-- WORK REQUEST --
This task calls for copying each line below that contains "have".

(Beginning of EXCERPTED RECORDS)

lemma semilinear_inf_embed_preimage:
  assumes "semilinear d C"
  shows "semilinear d {x. length x = d \<and> inf_embed d J x \<in> C}"
proof -
  obtain P :: "(enat list \<times> enat list list) list" where
    P: "\<forall>p\<in>set P. length (fst p) = d \<and> (\<forall>b\<in>set (snd p). length b = d)"
    and C: "C = (\<Union>p\<in>set P. lin_set (fst p) (snd p))"
    using assms unfolding semilinear_def split_def by blast
  have preimage: "{x. length x = d \<and> inf_embed d J x \<in> lin_set (fst p) (snd p)} =
      (\<Union>K\<in>{K. compatible_support d J (fst p) (snd p) K}.
        lin_set (fin_base d J (fst p) (snd p) K) (fin_periods d J (snd p) K))" if "p \<in> set P" for p
    using P that by (intro inf_embed_preimage_lin_set) auto
  have "{x. length x = d \<and> inf_embed d J x \<in> C} =
      (\<Union>p\<in>set P. {x. length x = d \<and> inf_embed d J x \<in> lin_set (fst p) (snd p)})"
    unfolding C by blast
  also have "\<dots> = (\<Union>p\<in>set P. \<Union>K\<in>{K. compatible_support d J (fst p) (snd p) K}.
      lin_set (fin_base d J (fst p) (snd p) K) (fin_periods d J (snd p) K))"
    by (rule SUP_cong[OF refl preimage])
  finally show ?thesis
  proof (simp only:, intro semilinear_UN semilinear_lin_set)
    fix p :: "enat list \<times> enat list list"
    show "finite {K. compatible_support d J (fst p) (snd p) K}"
      by (rule finite_subset[of _ "Pow {..<length (snd p)}"]) (auto simp: compatible_support_def)
  qed (auto simp: fin_base_def fin_periods_def)
qed

definition prefix_lang :: "nat \<Rightarrow> nat \<Rightarrow> (nat \<times> 'a \<times> nat list \<times> nat) set \<Rightarrow> enat list set \<Rightarrow>
    nat set \<Rightarrow> nat \<Rightarrow> 'a list set" where
  "prefix_lang d q0 \<Delta> C J q = {u. PA_accepts d q0 \<Delta> {q} {x. length x = d \<and> inf_embed d J x \<in> C} u}"

lemma prefix_lang_parikh_recognizable:
  assumes "PA_wf \<Sigma> d Q q0 \<Delta> F" and "semilinear d C" and "q \<in> Q"
  shows "parikh_recognizable \<Sigma> (prefix_lang d q0 \<Delta> C J q)"
proof -
  have "PA_wf \<Sigma> d Q q0 \<Delta> {q}"
    using assms(1,3) by (simp add: PA_wf_def)
  with semilinear_inf_embed_preimage[OF assms(2)] show ?thesis
    unfolding parikh_recognizable_def prefix_lang_def by blast
qed
(* Let $\alpha,\beta,\gamma>0$ with $\gamma^2-\alpha\beta>0$ and $n\ge2$. Then $Z_n^{\mathcal{GS}}=Z_n$, where $Z_n$ is the partition function of the six-vertex model on $\mathbb{T}_n$ with weights $a_1=1$, $a_2=\gamma^2-\alpha\beta$, $b_1=\beta$, $b_2=\alpha$, $c_1=c_2=\gamma$. In particular $Z_n^{\mathcal{GS}}>0$.
   Context: Six-vertex model on $\mathbb{T}_n=(\mathbb{Z}/n\mathbb{Z})^2$: orientations of edges with two in and two out at each vertex; vertex types (weights): type 1 ($a_1$): horizontal right, vertical up; type 2 ($a_2$): horizontal left, vertical down; type 3 ($b_1$): horizontal right, vertical down; type 4 ($b_2$): horizontal left, vertical up; type 5 ($c_1$): horizontal in, vertical out; type 6 ($c_2$): horizontal out, vertical in. $Z_n=\sum_\sigma\prod_v(\text{weight of type at }v)$. Snakes: $e^1=(1,0)$, $e^2=(0,1)$, $e^3=\frac12(e^1+e^2)$; mid-edges $\mathbb{M}_n$ = black $\{v+\frac12e^1\}$ ⊔ white $\{v+\frac12e^2\}$, $v\in\mathbb{T}_n$, mod $n$. A generalised snake configuration is a permutation $\bar\rho$ of $\mathbb{M}_n$ with $\bar\rho(x)\in\{x,x+e^3,x+e^1\}$ ($x$ black), $\bar\rho(x)\in\{x,x+e^3,x+e^2\}$ ($x$ white); $\mathcal{GS}_n$ their set. $S(\bar\rho)$ = number of vertices $v$ with $\bar\rho(v-\frac12e^1)=v+\frac12e^1$ and $\bar\rho(v-\frac12e^2)=v+\frac12e^2$; $A,B,C$ = numbers of $x$ with $\bar\rho(x)=x+e^1$, $x+e^2$, $x+e^3$ respectively. $Z_n^{\mathcal{GS}}=\sum_{\bar\rho\in\mathcal{GS}_n}(-1)^{S(\bar\rho)}\alpha^{A(\bar\rho)}\beta^{B(\bar\rho)}\gamma^{C(\bar\rho)}$. *)

theory Defs
  imports Complex_Main "HOL-Library.FuncSet" "HOL-Combinatorics.Permutations"
begin

text \<open>Vertices are pairs (i,j) with 0 <= i,j < n; arithmetic is mod n.
  The horizontal edge at v=(i,j) joins v to v+e1, the vertical edge at v joins v to v+e2.\<close>

definition grid :: "nat \<Rightarrow> (nat \<times> nat) set" where
  "grid n = {0..<n} \<times> {0..<n}"

definition succ_mod :: "nat \<Rightarrow> nat \<Rightarrow> nat" where
  "succ_mod n i = (i + 1) mod n"

definition pred_mod :: "nat \<Rightarrow> nat \<Rightarrow> nat" where
  "pred_mod n i = (i + n - 1) mod n"

text \<open>An orientation is a pair (h, w) of boolean functions on the grid:
  h v = True iff the horizontal edge at v points right (towards v+e1),
  w v = True iff the vertical edge at v points up (towards v+e2).
  At vertex v=(i,j): left edge = h(i-1,j), right edge = h(i,j),
  lower edge = w(i,j-1), upper edge = w(i,j).\<close>

definition in_degree :: "nat \<Rightarrow> (nat \<times> nat \<Rightarrow> bool) \<Rightarrow> (nat \<times> nat \<Rightarrow> bool) \<Rightarrow> nat \<times> nat \<Rightarrow> nat" where
  "in_degree n h w v = (case v of (i, j) \<Rightarrow>
      (if h (pred_mod n i, j) then 1 else 0) + (if \<not> h (i, j) then 1 else 0)
    + (if w (i, pred_mod n j) then 1 else 0) + (if \<not> w (i, j) then 1 else 0))"

definition six_vertex_configs :: "nat \<Rightarrow> ((nat \<times> nat \<Rightarrow> bool) \<times> (nat \<times> nat \<Rightarrow> bool)) set" where
  "six_vertex_configs n =
     {(h, w). h \<in> grid n \<rightarrow>\<^sub>E (UNIV :: bool set) \<and> w \<in> grid n \<rightarrow>\<^sub>E (UNIV :: bool set)
        \<and> (\<forall>v \<in> grid n. in_degree n h w v = 2)}"

text \<open>Weight of a vertex given l (left edge points right), r (right edge points right),
  d (lower edge points up), u (upper edge points up).\<close>

definition vertex_weight :: "real \<Rightarrow> real \<Rightarrow> real \<Rightarrow> real \<Rightarrow> real \<Rightarrow> real \<Rightarrow> bool \<Rightarrow> bool \<Rightarrow> bool \<Rightarrow> bool \<Rightarrow> real" where
  "vertex_weight a1 a2 b1 b2 c1 c2 l r d u =
     (if l \<and> r \<and> d \<and> u then a1                 \<comment> \<open>type 1: right, up\<close>
      else if \<not> l \<and> \<not> r \<and> \<not> d \<and> \<not> u then a2    \<comment> \<open>type 2: left, down\<close>
      else if l \<and> r \<and> \<not> d \<and> \<not> u then b1         \<comment> \<open>type 3: right, down\<close>
      else if \<not> l \<and> \<not> r \<and> d \<and> u then b2         \<comment> \<open>type 4: left, up\<close>
      else if l \<and> \<not> r \<and> \<not> d \<and> u then c1         \<comment> \<open>type 5: horizontal in, vertical out\<close>
      else if \<not> l \<and> r \<and> d \<and> \<not> u then c2         \<comment> \<open>type 6: horizontal out, vertical in\<close>
      else 0)"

(End of EXCERPTED RECORDS)

-- OUTPUT OF THE TASK --
  have preimage: "{x. length x = d \<and> inf_embed d J x \<in> lin_set (fst p) (snd p)} =
  have "{x. length x = d \<and> inf_embed d J x \<in> C} =
  also have "\<dots> = (\<Union>p\<in>set P. \<Union>K\<in>{K. compatible_support d J (fst p) (snd p) K}.
  have "PA_wf \<Sigma> d Q q0 \<Delta> {q}"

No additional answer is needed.